lemma finite_transversal:
  obtains K where "finite K" "K \<subseteq> \<Gamma>" "\<And>h. h \<in> \<Gamma> \<Longrightarrow> \<exists>l\<in>int_translations. \<exists>k\<in>K. h = aff_mult l k"
proof -
  have "\<forall>A\<in>holonomy \<Gamma>. \<exists>\<gamma>\<in>\<Gamma>. snd \<gamma> = A" by (force simp: holonomy_def)
  then obtain rep where rep: "\<And>A. A \<in> holonomy \<Gamma> \<Longrightarrow> rep A \<in> \<Gamma> \<and> snd (rep A) = A"
    by metis
  show ?thesis
  proof
    show "finite (rep ` holonomy \<Gamma>)" using finite_holonomy by simp
    show "rep ` holonomy \<Gamma> \<subseteq> \<Gamma>" using rep by auto
  next
    fix h assume h: "h \<in> \<Gamma>"
    then have hol: "snd h \<in> holonomy \<Gamma>" by (rule snd_mem_holonomy)
    define k where "k = rep (snd h)"
    have k: "k \<in> \<Gamma>" "snd k = snd h" using rep[OF hol] by (simp_all add: k_def)
    define l where "l = aff_mult h (aff_inv k)"
    have "l \<in> \<Gamma>" using h k by (simp add: l_def aff_mult_closed aff_inv_closed)
    moreover have "snd l = mat 1"
      using k invertible_snd[OF h] by (simp add: l_def aff_mult_def aff_inv_def matrix_inv_right)
    ultimately have "l \<in> int_translations" using translations_eq by blast
    moreover have "h = aff_mult l k"
      using invertible_snd[OF k(1)] by (simp add: l_def aff_mult_assoc aff_inv_mult)
         (simp add: aff_mult_def)
    ultimately show "\<exists>l\<in>int_translations. \<exists>k\<in>rep ` holonomy \<Gamma>. h = aff_mult l k"
      using hol k_def by blast
  qed
qed

lemma conj_class_G: "conj_class G x = (\<lambda>h. aff_mult (aff_mult h x) (aff_inv h)) ` \<Gamma>"
  unfolding conj_class_def by (auto intro!: image_cong)

lemma finite_conj_class_translation:
  assumes "int_vec z"
  shows "finite (conj_class G (z, mat 1))"
proof -
  have "conj_class G (z, mat 1) \<subseteq> (\<lambda>A. (A *v z, mat 1)) ` holonomy \<Gamma>"
    unfolding conj_class_G using snd_mem_holonomy by (auto simp: conj_translation)
  then show ?thesis using finite_holonomy finite_subset by blast
qed

lemma infinite_conj_class_non_translation:
  assumes y: "y \<in> \<Gamma>" and B: "snd y \<noteq> mat 1"
  shows "infinite (conj_class G y)"
proof
  assume fin: "finite (conj_class G y)"
  obtain b B where y_eq: "y = (b, B)" by (cases y)
  obtain j where j: "B *v axis j 1 \<noteq> axis j 1"
    using B y_eq matrix_eq_on_axes[of B "mat 1"] by auto
  define w where "w = axis j 1 - B *v axis j 1"
  have "w \<noteq> 0" using j by (simp add: w_def)
  define f where "f k = (b + real k *\<^sub>R w, B)" for k :: nat
  have "inj f"
    using \<open>w \<noteq> 0\<close> by (auto simp: f_def inj_def scaleR_cancel_right)
  moreover have "range f \<subseteq> conj_class G y"
  proof
    fix x assume "x \<in> range f"
    then obtain k where x: "x = f k" by blast
    define v where "v = real k *\<^sub>R axis j (1 :: real)"
    have "(v, mat 1) \<in> \<Gamma>"
      unfolding v_def translation_mem_iff by (intro int_vec_scaleR int_vec_axis) simp
    moreover have "x = aff_mult (aff_mult (v, mat 1) y) (aff_inv (v, mat 1))"
      by (simp add: x f_def y_eq aff_conj_by_translation v_def w_def
          matrix_vector_mult_scaleR scaleR_diff_right)
    ultimately show "x \<in> conj_class G y" unfolding conj_class_G by blast
  qed
  ultimately show False using fin finite_subset[OF _ fin] finite_imageD[of f UNIV] by auto
qed

lemma aut_translation:
  assumes \<phi>: "\<phi> \<in> iso G G" and z: "int_vec z"
  obtains w where "\<phi> (z, mat 1) = (w, mat 1)" "int_vec w"
proof -
  have zG: "(z, mat 1) \<in> \<Gamma>" using z translation_mem_iff by blast
  then have \<phi>z: "\<phi> (z, mat 1) \<in> \<Gamma>" using \<phi> by (auto simp: iso_iff)
  have "finite (conj_class G (\<phi> (z, mat 1)))"
    using group.conj_class_iso[OF group_G group_G \<phi>] zG finite_conj_class_translation[OF z] by simp
  then have "snd (\<phi> (z, mat 1)) = mat 1"
    using infinite_conj_class_non_translation[OF \<phi>z] by blast
  then show ?thesis
    using that \<phi>z translation_mem_iff by (metis prod.collapse)
qed

lemma ex_acts_on_lattice_by:
  assumes \<phi>: "\<phi> \<in> iso G G"
  obtains D where "acts_on_lattice_by \<phi> D"
proof -
  define \<psi> where "\<psi> z = fst (\<phi> (z, mat 1))" for z
  have \<psi>: "\<phi> (z, mat 1) = (\<psi> z, mat 1)" "int_vec (\<psi> z)" if "int_vec z" for z
    using aut_translation[OF \<phi> that] by (metis fst_conv \<psi>_def)+
  have "\<psi> (z + w) = \<psi> z + \<psi> w" if z: "int_vec z" and w: "int_vec w" for z w
  proof -
    have "(z + w, mat 1) = (z, mat 1) \<otimes>\<^bsub>G\<^esub> (w, mat 1)" by (simp add: aff_mult_def)
    then have "\<phi> (z + w, mat 1) = aff_mult (\<phi> (z, mat 1)) (\<phi> (w, mat 1))"
      using hom_mult[OF iso_imp_homomorphism[OF \<phi>]] z w translation_mem_iff by simp
    then show ?thesis using \<psi> z w int_vec_add[OF z w] by (simp add: aff_mult_def)
  qed
  then obtain D where "int_mat D" "\<And>z. int_vec z \<Longrightarrow> \<psi> z = D *v z"
    using int_additive_eq_matrix[of \<psi>] \<psi>(2) by blast
  then have "acts_on_lattice_by \<phi> D" using \<psi>(1) by (simp add: acts_on_lattice_by_def)
  then show ?thesis by (rule that)
qed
--------
ACTIVITY
Your answer should be the lines of the listing above between the line holding "then obtain k" and the line holding "by (simp add: x", inclusive, restated word for word and alone.

EXERCISE OUTPUT
    then obtain k where x: "x = f k" by blast
    define v where "v = real k *\<^sub>R axis j (1 :: real)"
    have "(v, mat 1) \<in> \<Gamma>"
      unfolding v_def translation_mem_iff by (intro int_vec_scaleR int_vec_axis) simp
    moreover have "x = aff_mult (aff_mult (v, mat 1) y) (aff_inv (v, mat 1))"
      by (simp add: x f_def y_eq aff_conj_by_translation v_def w_def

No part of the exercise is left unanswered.